# WORK REQUEST
The number needed is how many lines of the data hold the string "subst". Give that number and nothing more.

# DATASET RECORDS
(* In the two-period, two-sequence crossover design ($T=2$, $\mathcal{S}^{\mathrm{obs}}=\{AB,BA\}$, $N_{AB},N_{BA}\ge1$) under complete randomization, suppose Assumption 1 holds. Then the only unbiased linear estimator of $\tau_1$ is $\widehat Y_1(AB)-\widehat Y_1(BA)$, and for each $z\in\{A,B\}$ there is no unbiased linear estimator of $\tau_2(z)$ nor of $\tau_2^1(z)$.
   Context: Setup: $N$ units, treatments $A,B$, $T$ periods; sequences $\vec z\in\{A,B\}^T$, $\vec z_{[t_1,t_2]}=z_{t_1}\cdots z_{t_2}$. Complete randomization: fixed positive group sizes $N_{\vec z}$ for $\vec z\in\mathcal{S}^{\mathrm{obs}}$ summing to $N$, assignment uniform over assignments with these group sizes. Fixed potential outcomes $Y_{it}(\vec z)$ for all $\vec z\in\{A,B\}^T$ (including unimplemented sequences); observed $Y_{it}=Y_{it}(\vec Z_i)$; randomness only from assignment. $\bar Y_t(\vec z)=N^{-1}\sum_iY_{it}(\vec z)$, $\widehat Y_t(\vec z)=N_{\vec z}^{-1}\sum_iY_{it}\mathbf1(\vec Z_i=\vec z)$. Assumption 1 (no anticipation): $Y_{it}(\vec z)=Y_{it}(\vec z')$ whenever $\vec z_{[1,t]}=\vec z'_{[1,t]}$. Estimands: $\tau_1=\bar Y_1(A)-\bar Y_1(B)$, $\tau_2(z_1)=\bar Y_2(z_1A)-\bar Y_2(z_1B)$, $\tau_2^1(z_2)=\bar Y_2(Az_2)-\bar Y_2(Bz_2)$. A linear estimator is $\sum_{t=1}^2\sum_{\vec z\in\mathcal{S}^{\mathrm{obs}}}\tilde w_t(\vec z)\widehat Y_t(\vec z)$ with non-random real weights; it is unbiased for an estimand if its expectation equals the estimand for every finite population of potential outcomes satisfying the stated assumptions. *)

theory Defs
  imports Complex_Main "HOL-Library.FuncSet"
begin

text \<open>Two treatments and two periods; a treatment sequence is a pair (z1, z2).
  Units are 0..N-1, periods are 1 and 2.\<close>

datatype trt = A | B

type_synonym seq2 = "trt \<times> trt"

type_synonym pot_outcomes = "nat \<Rightarrow> nat \<Rightarrow> seq2 \<Rightarrow> real"

definition prefix_agree :: "nat \<Rightarrow> seq2 \<Rightarrow> seq2 \<Rightarrow> bool" where
  "prefix_agree t z z' \<longleftrightarrow> (1 \<le> t \<longrightarrow> fst z = fst z') \<and> (2 \<le> t \<longrightarrow> snd z = snd z')"

definition no_anticipation :: "pot_outcomes \<Rightarrow> bool" where
  "no_anticipation Y \<longleftrightarrow>
     (\<forall>i t z z'. t \<in> {1,2} \<and> prefix_agree t z z' \<longrightarrow> Y i t z = Y i t z')"

definition assignments :: "nat \<Rightarrow> seq2 set \<Rightarrow> (seq2 \<Rightarrow> nat) \<Rightarrow> (nat \<Rightarrow> seq2) set" where
  "assignments N S Nz =
     {Z \<in> {..<N} \<rightarrow>\<^sub>E S. \<forall>z\<in>S. card {i\<in>{..<N}. Z i = z} = Nz z}"

definition expect_CR :: "nat \<Rightarrow> seq2 set \<Rightarrow> (seq2 \<Rightarrow> nat) \<Rightarrow> ((nat \<Rightarrow> seq2) \<Rightarrow> real) \<Rightarrow> real" where
  "expect_CR N S Nz f =
     (\<Sum>Z\<in>assignments N S Nz. f Z) / real (card (assignments N S Nz))"

definition Ybar :: "nat \<Rightarrow> pot_outcomes \<Rightarrow> nat \<Rightarrow> seq2 \<Rightarrow> real" where
  "Ybar N Y t z = (\<Sum>i<N. Y i t z) / real N"

definition Yhat :: "nat \<Rightarrow> (seq2 \<Rightarrow> nat) \<Rightarrow> pot_outcomes \<Rightarrow> nat \<Rightarrow> seq2 \<Rightarrow> (nat \<Rightarrow> seq2) \<Rightarrow> real" where
  "Yhat N Nz Y t z Z = (\<Sum>i\<in>{i\<in>{..<N}. Z i = z}. Y i t (Z i)) / real (Nz z)"

definition lin_est :: "nat \<Rightarrow> seq2 set \<Rightarrow> (seq2 \<Rightarrow> nat) \<Rightarrow> (nat \<Rightarrow> seq2 \<Rightarrow> real)
                      \<Rightarrow> pot_outcomes \<Rightarrow> (nat \<Rightarrow> seq2) \<Rightarrow> real" where
  "lin_est N S Nz w Y Z = (\<Sum>t\<in>{1,2}. \<Sum>z\<in>S. w t z * Yhat N Nz Y t z Z)"

definition unbiased :: "nat \<Rightarrow> seq2 set \<Rightarrow> (seq2 \<Rightarrow> nat) \<Rightarrow> (nat \<Rightarrow> seq2 \<Rightarrow> real)
                       \<Rightarrow> (pot_outcomes \<Rightarrow> real) \<Rightarrow> bool" where
  "unbiased N S Nz w \<theta> \<longleftrightarrow>
     (\<forall>Y. no_anticipation Y \<longrightarrow> expect_CR N S Nz (lin_est N S Nz w Y) = \<theta> Y)"

text \<open>Estimands. \<open>\<bar>Y\<close>_1(A) is represented by the period-1 mean under any sequence
  starting with A (well defined under Assumption 1); we use AB and BA.\<close>
definition tau1 :: "nat \<Rightarrow> pot_outcomes \<Rightarrow> real" where
  "tau1 N Y = Ybar N Y 1 (A,B) - Ybar N Y 1 (B,A)"

definition tau2 :: "nat \<Rightarrow> trt \<Rightarrow> pot_outcomes \<Rightarrow> real" where
  "tau2 N z1 Y = Ybar N Y 2 (z1,A) - Ybar N Y 2 (z1,B)"

definition tau2_1 :: "nat \<Rightarrow> trt \<Rightarrow> pot_outcomes \<Rightarrow> real" where
  "tau2_1 N z2 Y = Ybar N Y 2 (A,z2) - Ybar N Y 2 (B,z2)"

end

theory Submission
  imports Defs "HOL-Combinatorics.Transposition"
begin

text \<open>Under complete randomization every unit is equally likely to land in each group, so each
  group mean \<open>\<hat>Y\<^sub>t(z)\<close> is unbiased for \<open>\<bar>Y\<^sub>t(z)\<close>, and a linear estimator has expectation
  \<open>\<Sum> w\<^sub>t(z) \<bar>Y\<^sub>t(z)\<close> over the observed sequences AB and BA only. Testing unbiasedness on
  potential outcomes that are indicators of a single period and a single first-period treatment
  (or a single sequence) pins the weights for \<open>\<tau>\<^sub>1\<close>. For \<open>\<tau>\<^sub>2(z)\<close> and \<open>\<tau>\<^sub>2\<^sup>1(z)\<close>, the
  indicator of period 2 under the unobserved sequence zz respects no anticipation, is invisible
  to every linear estimator, yet moves the estimand by \<open>\<plusminus>1\<close>.\<close>

lemma finite_assignments: "finite S \<Longrightarrow> finite (assignments N S Nz)"
  unfolding assignments_def by (rule finite_subset[of _ "{..<N} \<rightarrow>\<^sub>E S"]) (auto intro: finite_PiE)

lemma card_filter_eq_sum_if:
  "finite F \<Longrightarrow> card {x\<in>F. P x} = (\<Sum>x\<in>F. if P x then 1 else 0)"
  unfolding card_eq_sum by (rule sum.inter_filter)

lemma assignments_comp_transpose:
  assumes "i < N" "j < N" "Z \<in> assignments N S Nz"
  shows "Z \<circ> Transposition.transpose i j \<in> assignments N S Nz"
proof -
  let ?\<sigma> = "Transposition.transpose i j"
  have "bij_betw ?\<sigma> {k\<in>{..<N}. (Z \<circ> ?\<sigma>) k = z} {k\<in>{..<N}. Z k = z}" for z
    by (rule bij_betw_byWitness[where f'="?\<sigma>"]) (use assms in \<open>auto simp: transpose_def\<close>)
  then have "card {k\<in>{..<N}. (Z \<circ> ?\<sigma>) k = z} = card {k\<in>{..<N}. Z k = z}" for z
    by (rule bij_betw_same_card)
  moreover have "Z \<circ> ?\<sigma> \<in> {..<N} \<rightarrow>\<^sub>E S"
    using assms unfolding assignments_def by (auto simp: PiE_def extensional_def Pi_def transpose_def)
  ultimately show ?thesis
    using assms(3) unfolding assignments_def by simp
qed

lemma card_assignments_unit_in_group_eq:
  assumes "i < N" "j < N"
  shows "card {Z\<in>assignments N S Nz. Z i = z} = card {Z\<in>assignments N S Nz. Z j = z}"
proof -
  let ?\<sigma> = "Transposition.transpose i j"
  have "bij_betw (\<lambda>Z. Z \<circ> ?\<sigma>) {Z\<in>assignments N S Nz. Z j = z} {Z\<in>assignments N S Nz. Z i = z}"
    by (rule bij_betw_byWitness[where f'="\<lambda>Z. Z \<circ> ?\<sigma>"])
       (use assms assignments_comp_transpose in \<open>auto simp: o_def\<close>)
  then show ?thesis by (simp add: bij_betw_same_card)
qed

lemma sum_card_assignments_unit_in_group:
  assumes "finite S" "z \<in> S"
  shows "(\<Sum>i<N. card {Z\<in>assignments N S Nz. Z i = z}) = card (assignments N S Nz) * Nz z"
proof -
  let ?As = "assignments N S Nz"
  have "(\<Sum>i<N. card {Z\<in>?As. Z i = z}) = (\<Sum>i<N. \<Sum>Z\<in>?As. if Z i = z then 1 else 0)"
    by (simp add: card_filter_eq_sum_if finite_assignments[OF assms(1)])
  also have "\<dots> = (\<Sum>Z\<in>?As. \<Sum>i<N. if Z i = z then 1 else 0)"
    by (rule sum.swap)
  also have "\<dots> = (\<Sum>Z\<in>?As. card {i\<in>{..<N}. Z i = z})"
    by (simp only: card_filter_eq_sum_if[OF finite_lessThan])
  also have "\<dots> = (\<Sum>Z\<in>?As. Nz z)"
    using assms(2) by (intro sum.cong) (auto simp: assignments_def)
  finally show ?thesis by simp
qed

lemma expect_CR_Yhat:
  assumes "finite S" "z \<in> S" "N > 0" "Nz z > 0" "assignments N S Nz \<noteq> {}"
  shows "expect_CR N S Nz (Yhat N Nz Y t z) = Ybar N Y t z"
proof -
  let ?As = "assignments N S Nz"
  \<comment> \<open>transpositions of units act on assignments, so this count is the same for every unit\<close>
  define c where "c = card {Z\<in>?As. Z 0 = z}"
  have c: "card {Z\<in>?As. Z i = z} = c" if "i < N" for i
    unfolding c_def using card_assignments_unit_in_group_eq[OF that assms(3)] .
  have "N * c = card ?As * Nz z"
    using sum_card_assignments_unit_in_group[OF assms(1,2), of N Nz] c by simp
  then have c_eq: "real c = real (card ?As) * real (Nz z) / real N"
    using assms(3) by (simp add: field_simps flip: of_nat_mult)
  have "(\<Sum>Z\<in>?As. \<Sum>i\<in>{i\<in>{..<N}. Z i = z}. Y i t (Z i))
      = (\<Sum>Z\<in>?As. \<Sum>i\<in>{i\<in>{..<N}. Z i = z}. Y i t z)"
    by (intro sum.cong) auto
  also have "\<dots> = (\<Sum>Z\<in>?As. \<Sum>i<N. if Z i = z then Y i t z else 0)"
    by (intro sum.cong refl sum.inter_filter) simp
  also have "\<dots> = (\<Sum>i<N. \<Sum>Z\<in>?As. if Z i = z then Y i t z else 0)"
    by (rule sum.swap)
  also have "\<dots> = (\<Sum>i<N. Y i t z * real (card {Z\<in>?As. Z i = z}))"
    by (simp add: sum.If_cases finite_assignments[OF assms(1)] Int_def conj_commute mult.commute)
  also have "\<dots> = (\<Sum>i<N. Y i t z) * real c"
    by (simp add: c sum_distrib_right)
  finally have "(\<Sum>Z\<in>?As. Yhat N Nz Y t z Z) = (\<Sum>i<N. Y i t z) * real c / real (Nz z)"
    unfolding Yhat_def by (simp add: sum_divide_distrib[symmetric])
  moreover have "card ?As > 0"
    using assms(5) finite_assignments[OF assms(1)] by (simp add: card_gt_0_iff)
  ultimately show ?thesis
    unfolding expect_CR_def Ybar_def c_eq using assms(3,4) by (simp add: field_simps)
qed

lemma expect_CR_lin_est:
  assumes "finite S" "N > 0" "\<And>z. z \<in> S \<Longrightarrow> Nz z > 0" "assignments N S Nz \<noteq> {}"
  shows "expect_CR N S Nz (lin_est N S Nz w Y) = (\<Sum>t\<in>{1,2}. \<Sum>z\<in>S. w t z * Ybar N Y t z)"
proof -
  let ?As = "assignments N S Nz"
  have "(\<Sum>Z\<in>?As. \<Sum>t\<in>{1,2}. \<Sum>z\<in>S. w t z * Yhat N Nz Y t z Z)
      = (\<Sum>t\<in>{1,2}. \<Sum>z\<in>S. \<Sum>Z\<in>?As. w t z * Yhat N Nz Y t z Z)"
    by (subst sum.swap) (intro sum.cong refl sum.swap)
  then have "expect_CR N S Nz (lin_est N S Nz w Y)
      = (\<Sum>t\<in>{1,2}. \<Sum>z\<in>S. w t z * expect_CR N S Nz (Yhat N Nz Y t z))"
    unfolding expect_CR_def lin_est_def
    by (simp only: sum_divide_distrib sum_distrib_left times_divide_eq_right)
  also have "\<dots> = (\<Sum>t\<in>{1,2}. \<Sum>z\<in>S. w t z * Ybar N Y t z)"
    using expect_CR_Yhat[OF assms(1) _ assms(2) assms(3) assms(4)] by simp
  finally show ?thesis .
qed

definition period_indicator :: "nat \<Rightarrow> (seq2 \<Rightarrow> bool) \<Rightarrow> pot_outcomes" where
  "period_indicator t\<^sub>0 P i t z = (if t = t\<^sub>0 \<and> P z then 1 else 0)"

lemma Ybar_period_indicator:
  "N > 0 \<Longrightarrow> Ybar N (period_indicator t\<^sub>0 P) t z = (if t = t\<^sub>0 \<and> P z then 1 else 0)"
  unfolding Ybar_def period_indicator_def by simp

lemma no_anticipation_period_indicator_1:
  "no_anticipation (period_indicator 1 (\<lambda>z. fst z = a))"
  unfolding no_anticipation_def period_indicator_def prefix_agree_def by auto

lemma no_anticipation_period_indicator_2: "no_anticipation (period_indicator 2 P)"
  unfolding no_anticipation_def period_indicator_def prefix_agree_def by (auto simp: prod_eq_iff)

locale crossover_design =
  fixes N :: nat and Nz :: "seq2 \<Rightarrow> nat"
  assumes size_AB_pos: "Nz (A,B) \<ge> 1" and size_BA_pos: "Nz (B,A) \<ge> 1"
    and units_eq: "N = Nz (A,B) + Nz (B,A)"
begin

lemma units_pos: "N > 0"
  using size_AB_pos units_eq by simp

lemma assignments_nonempty: "assignments N {(A,B), (B,A)} Nz \<noteq> {}"
proof -
  define Z where "Z i = (if i < Nz (A,B) then (A,B) else if i < N then (B,A) else undefined)" for i
  have "{i\<in>{..<N}. Z i = (A,B)} = {..<Nz (A,B)}" "{i\<in>{..<N}. Z i = (B,A)} = {Nz (A,B)..<N}"
    using units_eq by (auto simp: Z_def)
  then have "Z \<in> assignments N {(A,B), (B,A)} Nz"
    using units_eq unfolding assignments_def by (auto simp: Z_def PiE_def extensional_def)
  then show ?thesis by blast
qed

lemma expect_lin_est:
  "expect_CR N {(A,B), (B,A)} Nz (lin_est N {(A,B), (B,A)} Nz w Y)
     = w 1 (A,B) * Ybar N Y 1 (A,B) + w 1 (B,A) * Ybar N Y 1 (B,A)
       + w 2 (A,B) * Ybar N Y 2 (A,B) + w 2 (B,A) * Ybar N Y 2 (B,A)"
  using size_AB_pos size_BA_pos
  by (subst expect_CR_lin_est[OF _ units_pos _ assignments_nonempty]) auto

lemma unbiased_tau1_iff:
  "unbiased N {(A,B), (B,A)} Nz w (tau1 N)
     \<longleftrightarrow> w 1 (A,B) = 1 \<and> w 1 (B,A) = -1 \<and> w 2 (A,B) = 0 \<and> w 2 (B,A) = 0"
  (is "?unbiased \<longleftrightarrow> ?weights")
proof
  assume ?unbiased
  then have "expect_CR N {(A,B), (B,A)} Nz (lin_est N {(A,B), (B,A)} Nz w Y) = tau1 N Y"
    if "no_anticipation Y" for Y
    using that unfolding unbiased_def by blast
  from this[OF no_anticipation_period_indicator_1[of A]]
       this[OF no_anticipation_period_indicator_1[of B]]
       this[OF no_anticipation_period_indicator_2[of "\<lambda>z. z = (A,B)"]]
       this[OF no_anticipation_period_indicator_2[of "\<lambda>z. z = (B,A)"]]
  show ?weights
    unfolding expect_lin_est tau1_def Ybar_period_indicator[OF units_pos] by simp
next
  assume ?weights
  then show ?unbiased
    unfolding unbiased_def tau1_def expect_lin_est by simp
qed

lemma not_unbiased_tau2:
  shows "\<not> unbiased N {(A,B), (B,A)} Nz w (tau2 N z)"
    and "\<not> unbiased N {(A,B), (B,A)} Nz w (tau2_1 N z)"
proof -
  let ?Y = "period_indicator 2 (\<lambda>z'. z' = (z,z))"
  have "expect_CR N {(A,B), (B,A)} Nz (lin_est N {(A,B), (B,A)} Nz w ?Y) = 0"
    unfolding expect_lin_est Ybar_period_indicator[OF units_pos] by (cases z) simp_all
  moreover have "tau2 N z ?Y \<noteq> 0" "tau2_1 N z ?Y \<noteq> 0"
    unfolding tau2_def tau2_1_def Ybar_period_indicator[OF units_pos] by (cases z; simp)+
  ultimately show "\<not> unbiased N {(A,B), (B,A)} Nz w (tau2 N z)"
    and "\<not> unbiased N {(A,B), (B,A)} Nz w (tau2_1 N z)"
    unfolding unbiased_def using no_anticipation_period_indicator_2 by metis+
qed

end

theorem proposition4:
  fixes nAB nBA :: nat
  assumes "nAB \<ge> 1" and "nBA \<ge> 1"
  defines "N \<equiv> nAB + nBA"
    and "S \<equiv> {(A,B), (B,A)}"
    and "Nz \<equiv> (\<lambda>z. if z = (A,B) then nAB else if z = (B,A) then nBA else 0)"
  shows "(\<forall>w. unbiased N S Nz w (tau1 N) \<longleftrightarrow>
              (w 1 (A,B) = 1 \<and> w 1 (B,A) = -1 \<and> w 2 (A,B) = 0 \<and> w 2 (B,A) = 0))
         \<and> (\<forall>z. \<not> (\<exists>w. unbiased N S Nz w (tau2 N z)) \<and> \<not> (\<exists>w. unbiased N S Nz w (tau2_1 N z)))"
proof -
  interpret crossover_design N Nz
    by unfold_locales (use assms(1,2) in \<open>simp_all add: N_def Nz_def\<close>)
  show ?thesis
    unfolding S_def using unbiased_tau1_iff not_unbiased_tau2 by simp
qed

end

# RESPONSE FOR THIS EXERCISE
2